Una signorina elegante e sofisticata che si ritrovava a sopportare una sfortuna dietro l'altra.

Se solo avessi potuto scegliere... sarei nata uomo sfoggiando un incantevole barga grigio topo, senza preoccuparmi di tutte quelle accortezze femminili.

Ma questo solo... in un'altra vita.

"Che strano..."

Mi preparai all'ennesima ramanzina di mio padre, o dovevo chiamarlo carceriere che mi precluderebbe persino l'aria che respiravo.

Stranamente la notte aveva cancellato ogni mio ricordo di quella - raccapricciante - serata, a parere della mia adorabile sorellina Diana.

Il rumore di una porta sbattuta con violenza mi ridestò dal sonno e rieccheggiò tra le alti parenti della camera.

Il mio corpo era un macigno e non mi spostai dalla posizione, nemmeno quando una testa mora si sporse a un palmo dal mio naso, cosparso di lentiggini.

Non m'importava di non essere una signorina di una famiglia rispettabile di Toronto, anzi il mio obiettivo era farla a pezzi.

"Anne ti vuoi alzare, santo cielo!" mi gridò praticamente nelle orecchie e per poco il mio cuore non sfiorò una sincope.

Mugugnai, con il volto girato dalla parte opposta e seppellito in una marea di cuscini, ma la disturbatrice di turno non aveva intenzione di mollare.
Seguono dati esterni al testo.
theorem propositionA1:
  "\<exists>(M :: (nat set \<Rightarrow> bool) measure) (X :: nat set \<Rightarrow> (nat set \<Rightarrow> bool) \<Rightarrow> bool).
     prob_space M \<and>
     (\<forall>s\<in>binom UNIV 2. X s \<in> measurable M (count_space UNIV)) \<and>
     exchangeable2 M X \<and>
     (\<forall>s\<in>binom UNIV 2. prob_space.expectation M (\<lambda>\<omega>. of_bool (X s \<omega>) :: real) = 1/2) \<and>
     (\<forall>s\<in>binom UNIV 2. \<forall>t\<in>binom UNIV 2. s \<noteq> t \<longrightarrow>
        prob_space.expectation M (\<lambda>\<omega>. of_bool (X s \<omega>) * of_bool (X t \<omega>) :: real) = 1/4) \<and>
     (\<forall>B G. is_box2 B \<and> G \<subseteq> B \<and> G \<noteq> {} \<and> G \<noteq> B \<longrightarrow>
        prob_space.expectation M (\<lambda>\<omega>. (\<Prod>s\<in>G. of_bool (X s \<omega>)) :: real) = (1/2) ^ card G) \<and>
     (\<forall>B. is_box2 B \<longrightarrow>
        prob_space.expectation M (\<lambda>\<omega>. (\<Prod>s\<in>B. of_bool (X s \<omega>)) :: real) = 3/2 * (1/2) ^ 4) \<and>
     (\<forall>n::nat. n \<ge> 8 \<longrightarrow>
        (\<exists>c a. has_degree4 n a \<and>
           prob_space.expectation M (\<lambda>\<omega>. tmpoly4 n c a (\<lambda>s. of_bool (X s \<omega>))) = 0 \<and>
           (AE \<omega> in M. \<bar>tmpoly4 n c a (\<lambda>s. of_bool (X s \<omega>))\<bar> \<le> 1) \<and>
           (\<forall>I. I \<subseteq> {1..n} \<and> card I \<ge> 8 \<longrightarrow>
              measure M {\<omega> \<in> space M.
                 \<bar>real_cond_exp M (gen_sigma M X I)
                    (\<lambda>\<omega>. tmpoly4 n c a (\<lambda>s. of_bool (X s \<omega>))) \<omega>\<bar> \<ge> (1/2) ^ 11}
              \<ge> (1/2) ^ 11)))"
proof (intro exI[of _ coins] exI[of _ mix_array] conjI ballI allI impI tmpoly4_box0_properties)
  fix B G :: "nat set set"
  assume "is_box2 B \<and> G \<subseteq> B \<and> G \<noteq> {} \<and> G \<noteq> B"
  then show "prob_space.expectation coins (\<lambda>\<omega>. \<Prod>s\<in>G. of_bool (mix_array s \<omega>)) =
      (1/2 :: real) ^ card G"
    using integral_mix_array_prod_box2[of B G] by simp
next
  fix B :: "nat set set"
  assume "is_box2 B"
  then show "prob_space.expectation coins (\<lambda>\<omega>. \<Prod>s\<in>B. of_bool (mix_array s \<omega>)) =
      3/2 * (1/2 :: real) ^ 4"
    using integral_mix_array_prod_box2[of B B] by (simp add: power_divide)
qed (simp_all add: prob_space_coins exchangeable2_mix_array integral_mix_array_edge
    integral_mix_array_two_edges)

end
theorem lemma5:
  fixes p :: "'a::finite pmf" and q :: "'b::finite pmf"
    and \<phi> :: "(('d::finite \<Rightarrow> int) \<Rightarrow> 'a) \<Rightarrow> (('d \<Rightarrow> int) \<Rightarrow> 'b)"
    and n N :: nat and xh :: "('d \<Rightarrow> int) \<Rightarrow> 'a"
  assumes "homomorphism p q \<phi>"
    and "finitary p \<phi>"
    and "N \<ge> 2 * n + 1"
  shows "measure (bern p) (cylA N xh) \<le> measure (bern q) (cylB N (phi_hat p \<phi> n N xh))"
proof -
  have "N > 0" "n \<le> N"
    using assms(3) by simp_all
  show ?thesis
  proof (cases "\<forall>z. pmf p (xh (tor N z)) > 0")
    case True
    then have "measure (bern p) (cylA N xh) ^ ((M + 2) ^ CARD('d))
        \<le> measure (bern q) (cylB N (phi_hat p \<phi> n N xh)) ^ (M ^ CARD('d))" for M
      using measure_cylA_pow_le_measure_cylB_pow[OF assms(1) \<open>N > 0\<close> \<open>n \<le> N\<close>] by blast
    then show ?thesis
      by (rule le_of_pow_le_pow_margin[OF measure_nonneg])
  next
    case False
    then obtain z where "\<not> pmf p (xh (tor N z)) > 0"
      by blast
    then have "pmf p (xh (tor N z)) = 0"
      using pmf_nonneg[of p "xh (tor N z)"] by linarith
    then have "measure (bern p) (cylA N xh) = 0"
      by (rule measure_cylA_eq_0[OF \<open>N > 0\<close>])
    then show ?thesis
      by simp
  qed
qed

end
"Anne! Ti concedo solo tre secondi e poi assaggerai la mia vendetta a suon di piume..." decisi di prendere alla leggera il suo avvertimento, tanto sapevo che era troppo composta per alzare anche solo un dito.

"Soltanto cinque minuti, che ti costano sorellina cara? Dai, ti prego." le chiesi, riuscendo nella mia interpretazione melodrammatica, anche grazie al fatto che avessi la faccia premuta nella federa e mi era uscita una voce strozzata.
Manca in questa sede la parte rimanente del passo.